Oh mama! Many Blessings to you! <>< I agree with Ms.Mom....He IS very much alive and what a great thing to tell him!


----------



## aswbarry (Jan 31, 2005)

Melanie,
This sort of thing just happened to me with my two-year-old daughter. I was talking with her today about how someday she will have another baby brother or sister. Her sister Addie came up in the conversation and we talked about how she had died and how we were all sad but sometimes babies die. Anyway, she said to me "my new baby sister or brother will die too." We went on to discuss how our next baby would be okay and all that but this just caught me off guard, I think because the idea has been on my mind too. I have been researching the occurrance of stillbirth and placental abruption and the incidence of reoccurance and sort of ruminating about the possibilty and then she said it out loud. I just can't imagine being a child and trying to make sense of loss like ours.
Anyway, I just wanted to send you hugs and let you know you are in my thoughts.
Angela


----------



## Irishmommy (Nov 19, 2001)




----------



## taradt (Jun 10, 2003)

children are VERY perceptive. i could see the changes my daughter went through with each of our losses. i do understand not wanting to tell your son when you get pregnant again but he may figure it out on his own (after our first loss when we got pregnant again my daughter walked in the room one day, lifted my shirt and said "baby's back" she had no way to know i was pregnant at that point!!!!)
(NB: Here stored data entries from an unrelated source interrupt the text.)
(* There exist $\delta>0$ and a modulus of continuity $\eta$ such that, for every nearly spherical set $\mathcal A$ of class $C^{1,1}$ with $\mathcal{L}(\mathcal A)=1$, $\operatorname{bar}(\mathcal A)=\mathbf 0$ and $\|\varphi_{\mathcal A}\|_{C^{1,1}(\mathbb{S}^{N-1})}<\delta$, writing $\psi_{\mathcal A}=\sum_{k\ge0}c_kS_k$ with $c_k=(\psi_{\mathcal A},S_k)_{L^2(\mathbb{S}^{N-1})}$, one has $c_0=0$ and $\sum_{k\ge N+1}c_k^2=\|\psi_{\mathcal A}\|^2_{L^2(\mathbb{S}^{N-1})}\big(1+\eta(\|\varphi_{\mathcal A}\|_{L^\infty(\mathbb{S}^{N-1})})\big)$.
   Context: $B=B_{r_0}(\mathbf 0)$, $\mathcal{L}(B)=1$. $\mathcal A$ nearly spherical parametrized by $\varphi_{\mathcal A}$: $\varphi_{\mathcal A}\in C^{1,1}(\mathbb{S}^{N-1})$, $\|\varphi_{\mathcal A}\|_{L^\infty}\le r_0/2$, $\partial\mathcal A=\{(r_0+\varphi_{\mathcal A}(\theta))\theta\}$; $\operatorname{bar}$ is the barycenter. $\psi_{\mathcal A}(\theta)=\frac{(r_0+\varphi_{\mathcal A}(\theta))^N-r_0^N}{Nr_0^{N-1}}$. $(S_k)$ is an orthonormal basis of $L^2(\mathbb{S}^{N-1})$ of eigenfunctions of $-\Delta_{\mathbb{S}^{N-1}}$ with eigenvalues $\sigma_0=0<\sigma_1=\dots=\sigma_N=N-1<\sigma_{N+1}\le\dots$, $S_0$ constant and $S_1,\dots,S_N$ the normalized coordinate functions. *)

theory Defs
  imports "HOL-Analysis.Analysis"
begin

abbreviation usphere :: "(real^'n) set" where
  "usphere \<equiv> sphere 0 1"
take care and give your sensitive son a great big









tara


----------



## MelKnee (Dec 5, 2001)

Thank you all again for the hugs.

((((Angela and Tara)))))

Ds and I have been talking about different reasons that babies die. He feels lucky to have made it. I told him that the babies will live forever in our hearts.


----------



## Momtwice (Nov 21, 2001)

My elderly mom has always missed her baby sister that didn't make it. She has made peace with it. But whenever her name comes up, I see a glimpse into what mom was like as a child as the memories pass over her face.

ETA: she does indeed live in her heart.


----------



## Mom4tot (Apr 18, 2003)




----------



## babybugmama (Apr 7, 2003)

for you and your little one


----------



## Diane~Alena (Aug 23, 2004)

Doesn't it just break your heart to hear them talk like that. I know I fought everyday with emotions that were so dark after our son Esik died. I thought i should have hidden him from my living children, I thought i was damaging them by having let them see their brother and by talking about him to them.

You have allowed your son to know his siblings though and that is so good. I think it is a great growth experience for our children. They have a look on life that not many kids have. They are blessed to have known those babies even if it was for just a moment. My children are able to love a boy they can't see or hold. I think that is wonderfull for them, they are so wise now for knowing him.

Hang in there.


----------



## wheezie (Sep 18, 2004)

Wow it's amazing how much kids know. Bless his heart.














2 to you and your little boy.


----------



## ChildoftheMoon (Apr 9, 2002)

Melanie thinking of you. Missing you.
Brandi


----------